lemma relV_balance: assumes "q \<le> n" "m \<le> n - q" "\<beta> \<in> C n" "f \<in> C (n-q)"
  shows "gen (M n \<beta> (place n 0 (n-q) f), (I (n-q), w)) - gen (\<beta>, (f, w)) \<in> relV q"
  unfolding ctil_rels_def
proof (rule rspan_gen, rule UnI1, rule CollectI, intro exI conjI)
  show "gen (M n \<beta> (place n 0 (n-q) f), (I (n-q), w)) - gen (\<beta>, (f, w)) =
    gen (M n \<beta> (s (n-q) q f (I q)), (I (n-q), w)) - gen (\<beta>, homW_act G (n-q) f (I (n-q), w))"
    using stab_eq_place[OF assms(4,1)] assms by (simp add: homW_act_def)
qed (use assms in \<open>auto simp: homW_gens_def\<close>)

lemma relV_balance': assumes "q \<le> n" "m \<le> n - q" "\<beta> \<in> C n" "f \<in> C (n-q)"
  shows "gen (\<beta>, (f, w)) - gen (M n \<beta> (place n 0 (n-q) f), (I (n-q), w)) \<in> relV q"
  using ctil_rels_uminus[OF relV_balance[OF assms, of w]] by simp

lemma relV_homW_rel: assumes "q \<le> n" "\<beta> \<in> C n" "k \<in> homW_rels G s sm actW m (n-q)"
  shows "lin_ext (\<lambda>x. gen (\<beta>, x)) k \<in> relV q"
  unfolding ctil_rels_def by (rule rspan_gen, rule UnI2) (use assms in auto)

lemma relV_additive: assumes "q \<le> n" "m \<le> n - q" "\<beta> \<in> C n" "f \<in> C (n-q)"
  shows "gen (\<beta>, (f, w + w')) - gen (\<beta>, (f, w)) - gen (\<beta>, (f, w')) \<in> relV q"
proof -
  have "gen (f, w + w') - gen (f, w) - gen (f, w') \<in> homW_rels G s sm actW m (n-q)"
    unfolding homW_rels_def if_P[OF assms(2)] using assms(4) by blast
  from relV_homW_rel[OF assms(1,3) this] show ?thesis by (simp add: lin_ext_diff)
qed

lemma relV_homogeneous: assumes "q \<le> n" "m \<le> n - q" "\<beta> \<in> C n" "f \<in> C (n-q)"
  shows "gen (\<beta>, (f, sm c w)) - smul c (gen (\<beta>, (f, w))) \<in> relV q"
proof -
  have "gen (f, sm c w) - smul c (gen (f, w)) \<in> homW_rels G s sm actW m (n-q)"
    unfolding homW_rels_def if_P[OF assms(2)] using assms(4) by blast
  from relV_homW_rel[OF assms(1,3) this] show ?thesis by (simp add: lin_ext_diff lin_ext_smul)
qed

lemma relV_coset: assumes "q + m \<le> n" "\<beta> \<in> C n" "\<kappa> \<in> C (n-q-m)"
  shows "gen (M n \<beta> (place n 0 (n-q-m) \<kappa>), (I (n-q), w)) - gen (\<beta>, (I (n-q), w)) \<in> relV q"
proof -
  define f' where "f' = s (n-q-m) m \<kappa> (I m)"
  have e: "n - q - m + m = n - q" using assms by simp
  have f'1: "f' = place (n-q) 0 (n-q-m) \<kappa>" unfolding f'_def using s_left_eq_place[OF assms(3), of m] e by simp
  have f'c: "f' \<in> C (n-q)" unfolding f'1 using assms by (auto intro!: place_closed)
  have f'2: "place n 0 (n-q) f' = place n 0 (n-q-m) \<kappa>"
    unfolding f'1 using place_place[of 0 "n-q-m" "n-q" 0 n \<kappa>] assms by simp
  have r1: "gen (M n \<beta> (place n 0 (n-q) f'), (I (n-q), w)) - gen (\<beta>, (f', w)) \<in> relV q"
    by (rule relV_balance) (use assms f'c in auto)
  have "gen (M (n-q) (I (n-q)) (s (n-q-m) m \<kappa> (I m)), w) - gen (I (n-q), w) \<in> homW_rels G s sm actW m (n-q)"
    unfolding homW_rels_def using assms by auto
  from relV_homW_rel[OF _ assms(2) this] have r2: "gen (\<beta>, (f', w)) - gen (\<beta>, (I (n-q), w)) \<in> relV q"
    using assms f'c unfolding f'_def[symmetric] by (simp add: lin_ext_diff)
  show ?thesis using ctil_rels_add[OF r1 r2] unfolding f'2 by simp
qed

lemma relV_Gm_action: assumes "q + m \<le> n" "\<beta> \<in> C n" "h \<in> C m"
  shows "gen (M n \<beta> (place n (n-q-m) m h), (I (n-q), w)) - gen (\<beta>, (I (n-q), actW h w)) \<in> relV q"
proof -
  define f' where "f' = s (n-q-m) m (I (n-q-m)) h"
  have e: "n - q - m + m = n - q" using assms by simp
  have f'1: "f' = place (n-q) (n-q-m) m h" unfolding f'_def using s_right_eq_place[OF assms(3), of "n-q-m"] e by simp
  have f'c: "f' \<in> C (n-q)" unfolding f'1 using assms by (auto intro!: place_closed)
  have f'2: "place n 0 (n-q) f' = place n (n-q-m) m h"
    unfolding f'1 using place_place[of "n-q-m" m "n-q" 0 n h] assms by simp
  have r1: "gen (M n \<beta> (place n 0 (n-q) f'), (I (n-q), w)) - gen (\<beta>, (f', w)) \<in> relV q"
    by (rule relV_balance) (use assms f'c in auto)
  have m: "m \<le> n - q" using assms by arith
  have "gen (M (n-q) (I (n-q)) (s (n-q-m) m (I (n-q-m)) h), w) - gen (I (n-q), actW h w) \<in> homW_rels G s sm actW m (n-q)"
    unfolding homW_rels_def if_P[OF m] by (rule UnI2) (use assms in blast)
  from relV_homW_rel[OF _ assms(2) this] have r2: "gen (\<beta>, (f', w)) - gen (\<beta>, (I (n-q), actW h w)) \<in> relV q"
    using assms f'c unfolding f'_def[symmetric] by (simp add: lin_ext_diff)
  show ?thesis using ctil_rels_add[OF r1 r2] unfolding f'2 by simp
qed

■ **Aim of the task**
Once you find the line with "gen (\<beta>, x))" above, print it and every line after it up to and including the line with "lemma relV_additive: assumes", exactly as written and nothing else.

■ **The completed task**
  shows "lin_ext (\<lambda>x. gen (\<beta>, x)) k \<in> relV q"
  unfolding ctil_rels_def by (rule rspan_gen, rule UnI2) (use assms in auto)

lemma relV_additive: assumes "q \<le> n" "m \<le> n - q" "\<beta> \<in> C n" "f \<in> C (n-q)"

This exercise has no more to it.